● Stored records
(* For any distributions (subpopulations) $\mathcal{D}_1,\dots,\mathcal{D}_K$ on $\mathcal{Z}$, any loss $\ell$, any $N\ge1$ and any learning algorithm $\mathcal{A}:\mathcal{Z}^N\to\mathcal{H}$, either the Conservation Condition holds, i.e. $$(f_1({\bm{p}}),\dots,f_K({\bm{p}}))=\nabla L^{\mathrm{same}}({\bm{p}})\quad\text{for all }{\bm{p}}\in\mathbb{R}^K_{\ge0}\setminus\{\mathbf{0}\},$$ or there exists a set $U\subseteq\Delta_K$ of (Lebesgue, on the simplex) measure zero such that for all ${\bm{p}}\in\Delta_K\setminus U$, $$L^*_N({\bm{p}})<L^{\mathrm{same}}({\bm{p}}).$$
   Context: Let $\ell(h,{\bm{z}})$ be a loss on models $h\in\mathcal{H}$ and instances ${\bm{z}}\in\mathcal{Z}$, with all expectations below finite. $\Delta_K=\{{\bm{r}}\in\mathbb{R}^K:{\bm{r}}\ge0,\ \sum_kr_k=1\}$, and $\mathcal{D}_{\bm{q}}=\sum_kq_k\mathcal{D}_k$ for ${\bm{q}}\in\Delta_K$. For ${\bm{q}}\in\Delta_K$ let $\bar e_k({\bm{q}})=\mathbb{E}_{S\sim\mathcal{D}_{\bm{q}}^N}\,\mathbb{E}_{{\bm{z}}\sim\mathcal{D}_k}[\ell(\mathcal{A}(S),{\bm{z}})]$ and $L_N({\bm{p}},{\bm{q}})=\sum_k p_k\bar e_k({\bm{q}})$; $L^*_N({\bm{p}})=\min_{{\bm{q}}\in\Delta_K}L_N({\bm{p}},{\bm{q}})$. Extend to nonzero nonnegative vectors: $f_k({\bm{p}})=\bar e_k({\bm{p}}/|{\bm{p}}|)$ with $|{\bm{p}}|=\sum_kp_k$, and $L^{\mathrm{same}}({\bm{p}})=\sum_kp_kf_k({\bm{p}})$ for ${\bm{p}}\in\mathbb{R}^K_{\ge0}\setminus\{\mathbf{0}\}$ (so $L^{\mathrm{same}}({\bm{p}})=L_N({\bm{p}},{\bm{p}})$ on $\Delta_K$). *)

theory Defs
  imports "HOL-Probability.Probability"
begin



text \<open>Probability simplex Delta_K, with the index set {1..K} modelled by a finite type 'k.\<close>
definition prob_simplex :: "(real^('k::finite)) set" where
  "prob_simplex = {r. (\<forall>k. 0 \<le> r $ k) \<and> (\<Sum>k\<in>UNIV. r $ k) = 1}"

definition orthant0 :: "(real^('k::finite)) set" where
  "orthant0 = {p. (\<forall>k. 0 \<le> p $ k)} - {0}"

definition vsum :: "real^('k::finite) \<Rightarrow> real" where
  "vsum p = (\<Sum>k\<in>UNIV. p $ k)"

definition mixture :: "'z measure \<Rightarrow> ('k::finite \<Rightarrow> 'z measure) \<Rightarrow> real^'k \<Rightarrow> 'z measure" where
  "mixture M D q = measure_of (space M) (sets M)
      (\<lambda>A. \<Sum>k\<in>UNIV. ennreal (q $ k) * emeasure (D k) A)"

definition sample_measure :: "nat \<Rightarrow> 'z measure \<Rightarrow> (nat \<Rightarrow> 'z) measure" where
  "sample_measure N P = PiM {..<N} (\<lambda>_. P)"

● Task directions
In the records, locate each line holding the string "forall" and copy it.

● Answer to this task
  "prob_simplex = {r. (\<forall>k. 0 \<le> r $ k) \<and> (\<Sum>k\<in>UNIV. r $ k) = 1}"
  "orthant0 = {p. (\<forall>k. 0 \<le> p $ k)} - {0}"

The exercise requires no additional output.